World News Brief, Tuesday October 2

Three NATO soldiers killed in Afghanistan -- suicide bomber disguised as police; Japan reshuffles cabinet in bid to soothe row with China; protest at US aircraft transferred to base in Japan; bombs across Iraq kill 37, wound 90; supporters of Venezuelan opposition candidate killed; and more

Top of the Agenda: Three NATO Soldiers Killed in Afghan Suicide Bombing

A suicide bomber disguised as police detonated an explosives-packed motorbike among a group of NATO and Afghan forces, killing three coalition soldiers (WashPo) and at least a dozen Afghans on Monday in the southeastern town of Khost. The Taliban claimed responsibility for the attack, which came on the heels of a firefight between U.S. forces (AP) and Afghan army allies in eastern Afghanistan on Sunday that killed two Americans and three Afghani soldiers. The spate of violence in Afghanistan has pushed the number of U.S. troops killed in the long-running war to two thousand.


"If the United States is to bring the 'good Taliban' to the negotiating table, it needs the goodwill of Pakistan, which according to many outside observers continues to provide sanctuary to the movement's senior leadership in Quetta and Karachi. Attempts to find interlocutors among the Taliban have made at best stuttering progress," writes Tim Lister of CNN.

"Withdrawal from Afghanistan also elevates the risk that the United States, together with other external powers, will be drawn into a number of local disputes and escalating regional rivalries. Over the last decade, Central Asian leaders have consistently invoked the specter of insurgents' spilling over from Afghanistan to justify their own counterterrorism efforts and the need for security cooperation with Russia, China and the United States. Western withdrawal will encourage local elites to stoke these fears, justifying domestic crackdowns, rendition of political opponents and escalation of border tensions with neighbors," writes Alexander Cooley in the New York Times.

"Making clear that we will provide much less help to Afghanistan if it chooses poor leaders may seem obvious, but it was clear recently in Kabul that the message has not gotten through. Too many Afghans think that we will desert them unconditionally, as happened before, or, based on an exaggerated sense of their nation's geostrategic importance, that we will want to stay forever. We need to reestablish our leverage with clear, credible and consistent messaging from U.S. and international voices," writes Michael O'Hanlon for the Washington Post.
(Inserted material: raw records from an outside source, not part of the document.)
lemma Bset_step_corner:
  assumes v: "v \<in> black t" and i: "i \<in> Bset t v"
  shows "\<exists>j < bdeg t v. wc t (i - 1) = nbr t v j \<and> wc t i = nbr t v (Suc j)"
proof -
  have i1: "1 \<le> i" "i \<le> edges t" "contour t ! (2 * i - 1) = v" using i by (auto simp: Bset_def)
  have s: "2 * i - 1 < length (contour t)" using i1 length_contour[of t] by simp
  obtain j where j: "j < bdeg t v" "corner_visit t v j (2 * i - 1)"
    using visit_is_corner_visit[OF black_nonroot[OF v] s i1(3)] by blast
  have "2 * i - 1 - 1 = 2 * (i - 1)" "Suc (2 * i - 1) = 2 * i" using i1 by auto
  then show ?thesis using j by (auto simp: wc_def corner_visit_def)
qed

lemma corner_Bset_step:
  assumes v: "v \<in> black t" and j: "j < bdeg t v"
  shows "\<exists>i \<in> Bset t v. wc t (i - 1) = nbr t v j \<and> wc t i = nbr t v (Suc j)"
proof -
  have "v \<in> vertices t" using v by (simp add: black_def)
  then obtain s where s: "corner_visit t v j s"
    using corner_is_visited[OF _ black_nonroot[OF v] j] by blast
  then have "odd s" using contour_parity[of s t] v by (auto simp: black_def corner_visit_def)
  then obtain i' where i': "s = Suc (2 * i')" by (auto elim: oddE)
  have "Suc i' \<in> Bset t v" using s i' length_contour[of t] by (auto simp: Bset_def corner_visit_def)
  then show ?thesis using s i' by (intro bexI[of _ "Suc i'"]) (auto simp: wc_def corner_visit_def)
qed
lemma tail_bound_large_n:
  fixes g :: real
  assumes g: "0 < g" "g \<le> 1" and r8: "8 \<le> real n" and big: "(576 / g) powr (1 / g) \<le> real n"
  defines "a \<equiv> real n powr (2 * g)"
  shows "2 * real n * exp (- a / 2) + 2 * (9 * real n) ^ n * exp (- (real n * a) / 16)
    \<le> 2 * real n * exp (- a / 4)"
proof -
  define r where "r = real n"
  define E where "E = exp (- a / 4)"
  have r1: "1 \<le> r" using r8 unfolding r_def by simp
  have a1: "1 \<le> a" unfolding a_def using r1 g by (intro ge_one_powr_ge_zero) (auto simp: r_def)
  \<comment> \<open>the \<open>(9 n)\<^sup>n\<close> points of the net are beaten by the factor \<open>exp (- n a / 16)\<close>\<close>
  have "2 * r * ln (9 * r) \<le> r * a / 32"
    using mult_left_mono[OF two_ln_le_powr_for_large[OF g r1 big[folded r_def]], of r] r1
    unfolding a_def r_def by simp
  moreover have "a / 4 \<le> r * a / 32" using r8 a1 unfolding r_def by simp
  ultimately have key: "2 * r * ln (9 * r) - r * a / 16 \<le> - a / 4" by simp
  have "5 * ((9 * r) ^ n * exp (- (r * a) / 16)) \<le> exp (2 * r * ln (9 * r)) * exp (- (r * a) / 16)"
    using mult_right_mono[OF five_power_le_exp[of n], of "exp (- (r * a) / 16)"] r1
    unfolding r_def by (simp add: mult.assoc)
  also have "\<dots> = exp (2 * r * ln (9 * r) - r * a / 16)" by (simp add: exp_add[symmetric])
  also have "\<dots> \<le> E" unfolding E_def using key by simp
  finally have "(9 * r) ^ n * exp (- (r * a) / 16) \<le> E / 5" by simp
  moreover have "E / 5 \<le> r * (E / 5)" using r1 unfolding E_def by simp
  ultimately have net: "(9 * r) ^ n * exp (- (r * a) / 16) \<le> r * (E / 5)" by linarith
  have "E \<le> exp (-1/4)" unfolding E_def using a1 by simp
  also have "exp (-1/4::real) \<le> 4/5"
    using exp_ge_add_one_self[of "1/4::real"] by (simp add: exp_minus field_simps)
  finally have E45: "E \<le> 4/5" .
  have "exp (- a / 2) = E * E" unfolding E_def by (simp add: exp_add[symmetric])
  also have "\<dots> \<le> E * (4/5)" using E45 unfolding E_def by (simp add: mult_left_mono)
  finally have "r * exp (- a / 2) \<le> r * (E * (4/5))" using r1 by simp
  with net show ?thesis unfolding r_def E_def by (simp add: algebra_simps)
qed
lemma has_RS_integral_by_parts:
  fixes f f' g :: "real \<Rightarrow> real"
  assumes ab: "a \<le> b"
    and f: "\<And>z. z \<in> {a..b} \<Longrightarrow> (f has_real_derivative f' z) (at z within {a..b})"
    and f'_cont: "continuous_on {a..b} f'"
    and g_cont: "continuous_on {a..b} g"
  shows "has_RS_integral f g a b (f b * g b - f a * g a - integral {a..b} (\<lambda>s. g s * f' s))"
  unfolding has_RS_integral_def
proof (intro allI impI)
  fix \<epsilon> :: real assume \<epsilon>: "\<epsilon> > 0"
  obtain K0 where K0: "\<And>z. z \<in> {a..b} \<Longrightarrow> norm (f' z) \<le> K0"
    using continuous_on_compact_bound[OF compact_Icc f'_cont] by metis
  define K where "K = \<bar>K0\<bar> + 1"
  have K: "K > 0" "\<And>z. z \<in> {a..b} \<Longrightarrow> \<bar>f' z\<bar> \<le> K"
    using K0 by (force simp: K_def)+
  define G where "G = (\<lambda>x. integral {a..x} (\<lambda>s. g s * f' s))"
  define F where "F = (\<lambda>x. f x * g x - G x)"
  have G_deriv: "(G has_real_derivative g z * f' z) (at z within {a..b})" if "z \<in> {a..b}" for z
    unfolding G_def by (rule integral_has_real_derivative[OF continuous_on_mult[OF g_cont f'_cont] that])
  define \<eta> where "\<eta> = \<epsilon> / (2 * K * (b - a + 1))"
  have \<eta>: "\<eta> > 0" using \<epsilon> K ab by (simp add: \<eta>_def)
  obtain \<delta> where \<delta>: "\<delta> > 0"
    and g_osc: "\<And>x y. x \<in> {a..b} \<Longrightarrow> y \<in> {a..b} \<Longrightarrow> \<bar>x - y\<bar> < \<delta> \<Longrightarrow> \<bar>g x - g y\<bar> < \<eta>"
    using compact_uniformly_continuous[OF g_cont compact_Icc] \<eta>
    unfolding uniformly_continuous_on_def dist_real_def by metis
  show "\<exists>\<delta>>0. \<forall>n p \<tau>. p 0 = a \<and> p n = b \<and> (\<forall>i<n. p i \<le> \<tau> i \<and> \<tau> i \<le> p (Suc i) \<and> p (Suc i) - p i < \<delta>) \<longrightarrow>
      \<bar>(\<Sum>i<n. f (\<tau> i) * (g (p (Suc i)) - g (p i))) - (f b * g b - f a * g a - integral {a..b} (\<lambda>s. g s * f' s))\<bar> < \<epsilon>"
  proof (intro exI[of _ \<delta>] conjI allI impI \<delta>)
    fix n and p \<tau> :: "nat \<Rightarrow> real"
    assume "p 0 = a \<and> p n = b \<and> (\<forall>i<n. p i \<le> \<tau> i \<and> \<tau> i \<le> p (Suc i) \<and> p (Suc i) - p i < \<delta>)"
    hence p: "p 0 = a" "p n = b" and tag: "\<And>i. i < n \<Longrightarrow> p i \<le> \<tau> i \<and> \<tau> i \<le> p (Suc i)"
      and mesh: "\<And>i. i < n \<Longrightarrow> p (Suc i) - p i < \<delta>" by auto
    have "p (min m n) \<le> p (min (Suc m) n)" for m
      using tag[of m] by (cases "m < n") (auto simp: min_def)
    hence "p (min i n) \<le> p (min j n)" if "i \<le> j" for i j
      using lift_Suc_mono_le[OF _ that, of "\<lambda>m. p (min m n)"] by blast
    hence p_in: "p i \<in> {a..b}" if "i \<le> n" for i
      using that p by (metis atLeastAtMost_iff min.absorb1 le0 order_refl)
    have interval_error: "\<bar>f (\<tau> i) * (g (p (Suc i)) - g (p i)) - (F (p (Suc i)) - F (p i))\<bar>
        \<le> 2 * K * \<eta> * (p (Suc i) - p i)" if i: "i < n" for i
    proof -
      have sub: "{p i..p (Suc i)} \<subseteq> {a..b}" using p_in i by auto
      show ?thesis unfolding F_def
      proof (rule RS_term_by_parts_error)
        fix z assume z: "z \<in> {p i..p (Suc i)}"
        show "(f has_real_derivative f' z) (at z within {p i..p (Suc i)})"
          using DERIV_subset[OF f sub] z sub by blast
        show "\<bar>f' z\<bar> \<le> K" using K z sub by blast
        show "(G has_real_derivative g z * f' z) (at z within {p i..p (Suc i)})"
          using DERIV_subset[OF G_deriv sub] z sub by blast
        show "\<bar>g z - g (p i)\<bar> \<le> \<eta>"
          using g_osc[of z "p i"] z sub mesh[OF i] by fastforce
      qed (use tag i in auto)
    qed
    have "\<bar>(\<Sum>i<n. f (\<tau> i) * (g (p (Suc i)) - g (p i))) - (F b - F a)\<bar>
        = \<bar>\<Sum>i<n. f (\<tau> i) * (g (p (Suc i)) - g (p i)) - (F (p (Suc i)) - F (p i))\<bar>"
      by (simp only: sum_subtractf[of _ "\<lambda>i. F (p (Suc i)) - F (p i)"]
          sum_lessThan_telescope[of "\<lambda>i. F (p i)"] p)
    also have "\<dots> \<le> (\<Sum>i<n. 2 * K * \<eta> * (p (Suc i) - p i))"
      by (rule order_trans[OF sum_abs sum_mono]) (simp add: interval_error)
    also have "\<dots> = 2 * K * \<eta> * (b - a)"
      by (simp add: sum_distrib_left[symmetric] sum_lessThan_telescope[of p] p)
    also have "\<dots> = \<epsilon> * ((b - a) / (b - a + 1))"
      using K ab by (simp add: \<eta>_def)
    also have "\<dots> < \<epsilon>"
      using \<epsilon> ab by (simp add: divide_less_eq)
    finally show "\<bar>(\<Sum>i<n. f (\<tau> i) * (g (p (Suc i)) - g (p i))) - (f b * g b - f a * g a - integral {a..b} (\<lambda>s. g s * f' s))\<bar> < \<epsilon>"
      by (simp add: F_def G_def algebra_simps)
  qed
qed
(* For all integers $n\ge1$ and $q\ge0$, $(q+1)^n-(n+1)q^n \le A(n,q)\le (q+1)^n$.
   Context: $A(n,q)$ is the Eulerian number, the number of permutations of $\{1,\dots,n\}$ with exactly $q$ ascents, with $A(n,q)=0$ if $q\ge n$. *)

theory Defs
  imports Main "HOL-Combinatorics.Multiset_Permutations"
begin

definition ascents :: "nat list \<Rightarrow> nat" where
  "ascents xs = card {i. Suc i < length xs \<and> xs ! i < xs ! Suc i}"

definition eulerian :: "nat \<Rightarrow> nat \<Rightarrow> nat" where
  "eulerian n q = card {xs \<in> permutations_of_set {1..n}. ascents xs = q}"

end

theory Submission
  imports Defs
begin

(* Inserting the largest letter into one of the n + 1 gaps of a permutation p of n letters
   with a ascents creates no new ascent in a + 1 gaps (the front and the gaps inside ascents)
   and exactly one in the remaining n - a gaps. Together with a binomial identity this gives
   Worpitzky's identity (x + 1)^n = \<Sum>\<^sub>p C(x + n - asc p, n) by induction on n.
   At x = q the permutations with q ascents contribute 1 each and those with more contribute 0,
   whence A(n,q) \<le> (q + 1)^n. Those with fewer ascents satisfy
   C(q + n - a, n) \<le> (n + 1) C(q - 1 + n - a, n), and Worpitzky's identity at x = q - 1
   bounds their total by (n + 1) q^n. *)

lemma ascents_Nil [simp]: "ascents [] = 0"
  by (simp add: ascents_def)

lemma ascents_singleton [simp]: "ascents [x] = 0"
  by (simp add: ascents_def)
Japan Reshuffles Cabinet to Cool China Row

Japan's Prime Minister Yoshihiko Noda on Monday appointed Makiko Tanaka (AFP), the daughter of a former prime minister with Beijing-friendly ties, as education minister in a cabinet shuffle that commentators say was a move toward diplomatic progress with China, with whom Japan has been feuding over the Diaoyu/Senkaku Islands.

JAPAN: Six Osprey hybrid aircraft were transferred (AP) to a U.S. base in Okinawa on Monday, drawing hundreds of protesters exhibiting long-standing anger over the heavy presence of American troops on the Japanese island.